The often-talked-about activist proposals, on the other hand, have been rejected.

Those in immigration: respect the reception capacity or irregular immigration “and those who use it to weaken Quebec”.

Two others, who said Quebec’s lack of full powers over immigration were an “obstacle to social cohesion,” were rejected in subcommittee Saturday.

Constituency MPs, both behind the microphone and behind the scenes, protested in discussions with delegates.

Yves-François Blanchet denied being given a watchword to avoid controversy. Instead, he called on his representatives to leave it to the militants, the leader insisted.

When Quebec Premier François Legault attributed the decline of the French and non-French speakers to “national integration,” Mr. Blanchett refused. Immigration.

His representatives, however, admitted they wanted to avoid the same criticism.

Precedence and judicial “excess” in Quebec

Apart from these brief discussions, Bloc members proceeded largely in unanimity. They agreed to demand federal voting rights from age 16, to allow youths to become party members from age 14, to oppose positive “discrimination” in the award of university research chairs, and to campaign for the decriminalization of simple possession. For drugs and Senate abolition.

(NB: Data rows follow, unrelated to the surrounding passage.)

(* Let $(b,c)$ be a locally finite, connected graph over a countable set $X$ on which $\mathbb{Z}^d$ acts freely and cocompactly such that $H_{b,c}$ is $\mathbb{Z}^d$-invariant, and fix $x_0\in X$. Let $\Lambda:\mathbb{R}^d\to(-\infty,\lambda_0]$ be the map sending $\alpha$ to the unique $\lambda$ with $\rho^{-1}(\alpha)\in\mathcal{M}_\lambda$. Then $\Lambda$ is strictly concave and continuous.
   Context: A graph over $X$ is $(b,c)$ with $b:X\times X\to[0,\infty)$, $c:X\to\mathbb{R}$, $\sum_yb(x,y)<\infty$ ($b$ need not be symmetric); locally finite and connected as usual ($x\sim y$ iff $b(x,y)>0$). $H_{b,c}f(x)=\sum_yb(x,y)(f(x)-f(y))+c(x)f(x)$ on $\mathrm{Dom}(H)=\{f:\sum_yb(x,y)|f(y)|<\infty\ \forall x\}$; $f$ is $\lambda$-harmonic if $(H-\lambda)f=0$. $T_gf(x)=f(g^{-1}x)$; $H$ is $\mathbb{Z}^d$-invariant if $T_g$ preserves $\mathrm{Dom}(H)$ and $HT_g=T_gH$. $f$ is multiplicative with character $\gamma_f$ if $\gamma_f:\mathbb{Z}^d\to(0,\infty)$ is a homomorphism with $f(zx)=\gamma_f(z)f(x)$. $\mathcal{K}_\lambda$ is the pointwise closure of $\{f\ge0,\ f\not\equiv0,\ \lambda\text{-harmonic},\ f(x_0)=1\}$, $\mathcal{M}_\lambda$ its multiplicative elements (the $\mathcal{M}_\lambda$ are pairwise disjoint), $\mathcal{M}_\mathbb{R}=\bigcup_\lambda\mathcal{M}_\lambda$. $\rho:\mathcal{M}_\mathbb{R}\to\mathbb{R}^d$, $\rho(f)=\alpha$ where $\log\gamma_f(z)=\langle\alpha,z\rangle$; $\rho$ is a bijection. $\lambda_0=\sup\{\lambda:\mathcal{M}_\lambda\neq\emptyset\}$. *)

theory Defs
  imports "HOL-Analysis.Analysis"
begin

definition graph :: "('x \<Rightarrow> 'x \<Rightarrow> real) \<Rightarrow> bool" where
  "graph b \<longleftrightarrow> (\<forall>x y. b x y \<ge> 0) \<and> (\<forall>x. (\<lambda>y. b x y) summable_on UNIV)"

definition locally_finite :: "('x \<Rightarrow> 'x \<Rightarrow> real) \<Rightarrow> bool" where
  "locally_finite b \<longleftrightarrow> (\<forall>x. finite {y. b x y > 0})"

definition graph_connected :: "('x \<Rightarrow> 'x \<Rightarrow> real) \<Rightarrow> bool" where
  "graph_connected b \<longleftrightarrow> (\<forall>x y. (\<lambda>u v. b u v > 0)\<^sup>*\<^sup>* x y)"

definition domH :: "('x \<Rightarrow> 'x \<Rightarrow> real) \<Rightarrow> ('x \<Rightarrow> real) set" where
  "domH b = {f. \<forall>x. (\<lambda>y. b x y * \<bar>f y\<bar>) summable_on UNIV}"

definition opH :: "('x \<Rightarrow> 'x \<Rightarrow> real) \<Rightarrow> ('x \<Rightarrow> real) \<Rightarrow> ('x \<Rightarrow> real) \<Rightarrow> 'x \<Rightarrow> real" where
  "opH b c f x = (\<Sum>\<^sub>\<infinity>y. b x y * (f x - f y)) + c x * f x"

definition harmonic :: "('x \<Rightarrow> 'x \<Rightarrow> real) \<Rightarrow> ('x \<Rightarrow> real) \<Rightarrow> real \<Rightarrow> ('x \<Rightarrow> real) \<Rightarrow> bool" where
  "harmonic b c lam f \<longleftrightarrow> f \<in> domH b \<and> (\<forall>x. opH b c f x - lam * f x = 0)"

definition group_action :: "(int ^ 'd \<Rightarrow> 'x \<Rightarrow> 'x) \<Rightarrow> bool" where
  "group_action act \<longleftrightarrow> (\<forall>x. act 0 x = x) \<and> (\<forall>g h x. act (g + h) x = act g (act h x))"

definition free_action :: "(int ^ 'd \<Rightarrow> 'x \<Rightarrow> 'x) \<Rightarrow> bool" where
  "free_action act \<longleftrightarrow> (\<forall>g x. act g x = x \<longrightarrow> g = 0)"

definition cocompact_action :: "(int ^ 'd \<Rightarrow> 'x \<Rightarrow> 'x) \<Rightarrow> bool" where
  "cocompact_action act \<longleftrightarrow> finite ((\<lambda>x. range (\<lambda>g. act g x)) ` UNIV)"

definition transl :: "(int ^ 'd \<Rightarrow> 'x \<Rightarrow> 'x) \<Rightarrow> int ^ 'd \<Rightarrow> ('x \<Rightarrow> real) \<Rightarrow> 'x \<Rightarrow> real" where
  "transl act g f x = f (act (- g) x)"

definition H_invariant :: "('x \<Rightarrow> 'x \<Rightarrow> real) \<Rightarrow> ('x \<Rightarrow> real) \<Rightarrow> (int ^ 'd \<Rightarrow> 'x \<Rightarrow> 'x) \<Rightarrow> bool" where
  "H_invariant b c act \<longleftrightarrow>
     (\<forall>g. \<forall>f \<in> domH b. transl act g f \<in> domH b \<and> opH b c (transl act g f) = transl act g (opH b c f))"

text \<open>The cone K_lambda (pointwise = product-topology closure) and multiplicative elements.\<close>

definition Kset :: "('x \<Rightarrow> 'x \<Rightarrow> real) \<Rightarrow> ('x \<Rightarrow> real) \<Rightarrow> 'x \<Rightarrow> real \<Rightarrow> ('x \<Rightarrow> real) set" where
  "Kset b c x0 lam = closure {f. (\<forall>x. f x \<ge> 0) \<and> f \<noteq> (\<lambda>_. 0) \<and> harmonic b c lam f \<and> f x0 = 1}"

All resolutions calling for Quebec laws and the Quebec environmental assessment process to take precedence over their federal counterparts were passed. The preservation of the French language was vigorously defended.

On the other hand, the delegates did not have time to decide whether Quebec should appoint all federal judges in its territory or reject “judicial violations of the Supreme Court of Canada when affecting Quebec’s exclusive jurisdiction.”